:: Problem statement ::
Every line below between the one holding "unfolding reduce_def candidates_def" and the one holding "unfolding lag_one_edges_def by", inclusive, should be copied exactly, and no other line.

Stored data:
╭──

(* Let $\mathcal{G}^s$ be an SCG and consider the effect $P(y_t\mid \text{do}(x^1_{t-\gamma_1}),\dots,\text{do}(x^n_{t-\gamma_n}))$, and assume that no $\mathcal{G}^f\in\mathcal{C}(\mathcal{G}^s)$ contains, for any $i$, a directed path from $Y_t$ to $X^i_{t-\gamma_i}$ which remains in $\mathcal{NC}\cup\{X^i_{t-\gamma_i}\}$. The following are equivalent: 1. There exist an intervention $X^i_{t-\gamma_i}$, a vertex $F_{t_f}\in\mathcal{V}^f$ and a candidate FTCG $\mathcal{G}^f\in\mathcal{C}(\mathcal{G}^s)$ containing a path $X^i_{t-\gamma_i}\leftsquigarrow F_{t_f}\rightsquigarrow Y_t$ (the concatenation of a directed path from $F_{t_f}$ to $X^i_{t-\gamma_i}$ and a directed path from $F_{t_f}$ to $Y_t$) which remains in $\mathcal{NC}\cup\{X^i_{t-\gamma_i}\}$. 2. There exist an intervention $X^i_{t-\gamma_i}$ and $F_{t_f}\in\mathcal{V}^f$ such that $F_{t_f}$ is both $X^i_{t-\gamma_i}$-$\mathcal{NC}$-accessible and $Y_t$-$\mathcal{NC}$-accessible.
   Context: Let $\mathcal{V}$ be a finite set of time series, $\mathcal{V}^f=\{X_s: X\in\mathcal{V},s\in\mathbb{Z}\}$. An FTCG is a DAG on $\mathcal{V}^f$ whose edges $X_s\to Z_{s'}$ satisfy $s\le s'$. The SCG reduced from an FTCG $\mathcal{G}^f$ is $\mathcal{G}^s=(\mathcal{V}^s,\mathcal{E}^s)$, $\mathcal{V}^s=\mathcal{V}$, with $X\to Z$ iff $\mathcal{G}^f$ has an edge $X_{s-\gamma}\to Z_s$ with $\gamma\ge0$. An SCG is a graph reduced from some FTCG; $\mathcal{C}(\mathcal{G}^s)$ is the class of candidate FTCGs (those from which $\mathcal{G}^s$ is reduced). Paths have distinct vertices; descendants are via directed paths (a vertex is its own descendant). A path from set $\mathbf{A}$ to $\mathbf{B}$ is proper if only its first vertex is in $\mathbf{A}$. A path remains in a set $S$ if all its vertices are in $S$. $\text{Forb}(\mathbf{X},\mathbf{Y},\mathcal{G})$ is the set of all descendants of any $W\notin\mathbf{X}$ lying on a proper directed path from $\mathbf{X}$ to $\mathbf{Y}$. Effect setup: fix $Y\in\mathcal{V}^s$, a time $t$, interventions $X^1_{t-\gamma_1},\dots,X^n_{t-\gamma_n}$ (distinct vertices of $\mathcal{V}^f$), with standing assumptions $\gamma_i\ge0$ and $Y$ a descendant of every $X^i$ in $\mathcal{G}^s$. $\mathcal{X}^f=\{X^i_{t-\gamma_i}\}_i$. $\mathcal{CF}=\bigcup_{\mathcal{G}^f\in\mathcal{C}(\mathcal{G}^s)}\text{Forb}(\mathcal{X}^f,Y_t,\mathcal{G}^f)$, $\mathcal{NC}=\mathcal{CF}\setminus\mathcal{X}^f$. For $V_{t_v}\in\mathcal{V}^f$, a vertex $F_{t_1}\in\mathcal{V}^f\setminus\{V_{t_v}\}$ is $V_{t_v}$-$\mathcal{NC}$-accessible if some candidate FTCG contains a directed path from $F_{t_1}$ to $V_{t_v}$ all of whose vertices, except possibly $V_{t_v}$, lie in $\mathcal{NC}$. *)

theory Defs
  imports Main
begin

text \<open>Vertices of a full-time causal graph (FTCG): a time series together with an integer time.\<close>
type_synonym 'v vtx = "'v \<times> int"

definition is_FTCG :: "'v set \<Rightarrow> ('v vtx \<times> 'v vtx) set \<Rightarrow> bool" where
  "is_FTCG V E \<longleftrightarrow> E \<subseteq> (V \<times> UNIV) \<times> (V \<times> UNIV) \<and> acyclic E
     \<and> (\<forall>a b. (a, b) \<in> E \<longrightarrow> snd a \<le> snd b)"

definition reduce :: "('v vtx \<times> 'v vtx) set \<Rightarrow> ('v \<times> 'v) set" where
  "reduce E = {(X, Z). \<exists>s \<gamma>. \<gamma> \<ge> 0 \<and> ((X, s - \<gamma>), (Z, s)) \<in> E}"

definition is_SCG :: "'v set \<Rightarrow> ('v \<times> 'v) set \<Rightarrow> bool" where
  "is_SCG V Es \<longleftrightarrow> (\<exists>E. is_FTCG V E \<and> reduce E = Es)"

definition candidates :: "'v set \<Rightarrow> ('v \<times> 'v) set \<Rightarrow> ('v vtx \<times> 'v vtx) set set" where
  "candidates V Es = {E. is_FTCG V E \<and> reduce E = Es}"

definition dpath :: "('a \<times> 'a) set \<Rightarrow> 'a list \<Rightarrow> bool" where
  "dpath E p \<longleftrightarrow> p \<noteq> [] \<and> distinct p \<and> (\<forall>i < length p - 1. (p ! i, p ! Suc i) \<in> E)"

definition dpath_from_to :: "('a \<times> 'a) set \<Rightarrow> 'a \<Rightarrow> 'a \<Rightarrow> 'a list \<Rightarrow> bool" where
  "dpath_from_to E a b p \<longleftrightarrow> dpath E p \<and> hd p = a \<and> last p = b"

definition descendants :: "('a \<times> 'a) set \<Rightarrow> 'a \<Rightarrow> 'a set" where
  "descendants E w = {d. \<exists>p. dpath_from_to E w d p}"

definition proper_dpath :: "('a \<times> 'a) set \<Rightarrow> 'a set \<Rightarrow> 'a set \<Rightarrow> 'a list \<Rightarrow> bool" where
  "proper_dpath E A B p \<longleftrightarrow> dpath E p \<and> hd p \<in> A \<and> last p \<in> B \<and> (\<forall>v \<in> set (tl p). v \<notin> A)"

definition Forb :: "('a \<times> 'a) set \<Rightarrow> 'a set \<Rightarrow> 'a set \<Rightarrow> 'a set" where
  "Forb E A B = \<Union> {descendants E w | w. w \<notin> A \<and> (\<exists>p. proper_dpath E A B p \<and> w \<in> set p)}"

definition CF :: "'v set \<Rightarrow> ('v \<times> 'v) set \<Rightarrow> 'v vtx set \<Rightarrow> 'v vtx \<Rightarrow> 'v vtx set" where
  "CF V Es Xf y = (\<Union>E \<in> candidates V Es. Forb E Xf {y})"

definition NC :: "'v set \<Rightarrow> ('v \<times> 'v) set \<Rightarrow> 'v vtx set \<Rightarrow> 'v vtx \<Rightarrow> 'v vtx set" where
  "NC V Es Xf y = CF V Es Xf y - Xf"

definition accessible :: "'v set \<Rightarrow> ('v \<times> 'v) set \<Rightarrow> 'v vtx set \<Rightarrow> 'v vtx \<Rightarrow> 'v vtx \<Rightarrow> bool" where
  "accessible V Es N F v \<longleftrightarrow> F \<noteq> v \<and>
     (\<exists>E \<in> candidates V Es. \<exists>p. dpath_from_to E F v p \<and> (\<forall>u \<in> set (butlast p). u \<in> N))"

end

theory Submission
  imports Defs "HOL-Library.Product_Lexorder"
begin

text \<open>Direction (2) \<Rightarrow> (1) is the substance. Two accessibility witnesses may live in different
  candidate FTCGs; cutting the first path at its last vertex on the second one yields a fork of two
  paths meeting only in its root. The edges of the fork, together with a copy of every SCG edge at
  lag one, form a single candidate FTCG: it reduces to the SCG, and it is acyclic because every edge
  increases time, or keeps time and increases the position along the fork.\<close>

lemma SCG_subset: "is_SCG Vs Es \<Longrightarrow> Es \<subseteq> Vs \<times> Vs"
  unfolding is_SCG_def is_FTCG_def reduce_def by blast

lemma reduce_Un: "reduce (A \<union> B) = reduce A \<union> reduce B"
  unfolding reduce_def by blast

lemma reduce_subset_candidates: "T \<subseteq> \<Union> (candidates Vs Es) \<Longrightarrow> reduce T \<subseteq> Es"
  unfolding reduce_def candidates_def by blast

definition lag_one_edges :: "('v \<times> 'v) set \<Rightarrow> ('v vtx \<times> 'v vtx) set" where
  "lag_one_edges Es = {((A, s - 1), (B, s)) | A B s. (A, B) \<in> Es}"

lemma reduce_lag_one_edges: "reduce (lag_one_edges Es) = Es"
proof
  show "reduce (lag_one_edges Es) \<subseteq> Es"
    unfolding reduce_def lag_one_edges_def by auto
  show "Es \<subseteq> reduce (lag_one_edges Es)"
  proof
    fix e assume "e \<in> Es"
    then obtain A B where "e = (A, B)" "((A, 0 - 1), (B, 0)) \<in> lag_one_edges Es"
      unfolding lag_one_edges_def by (cases e) blast
    then show "e \<in> reduce (lag_one_edges Es)"
      unfolding reduce_def by (simp, intro exI[of _ "0::int"] exI[of _ "1::int"]) simp
  qed
qed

╰──

:: Exercise solution ::
  unfolding reduce_def candidates_def by blast

definition lag_one_edges :: "('v \<times> 'v) set \<Rightarrow> ('v vtx \<times> 'v vtx) set" where
  "lag_one_edges Es = {((A, s - 1), (B, s)) | A B s. (A, B) \<in> Es}"

lemma reduce_lag_one_edges: "reduce (lag_one_edges Es) = Es"
proof
  show "reduce (lag_one_edges Es) \<subseteq> Es"
    unfolding reduce_def lag_one_edges_def by auto
  show "Es \<subseteq> reduce (lag_one_edges Es)"
  proof
    fix e assume "e \<in> Es"
    then obtain A B where "e = (A, B)" "((A, 0 - 1), (B, 0)) \<in> lag_one_edges Es"
      unfolding lag_one_edges_def by (cases e) blast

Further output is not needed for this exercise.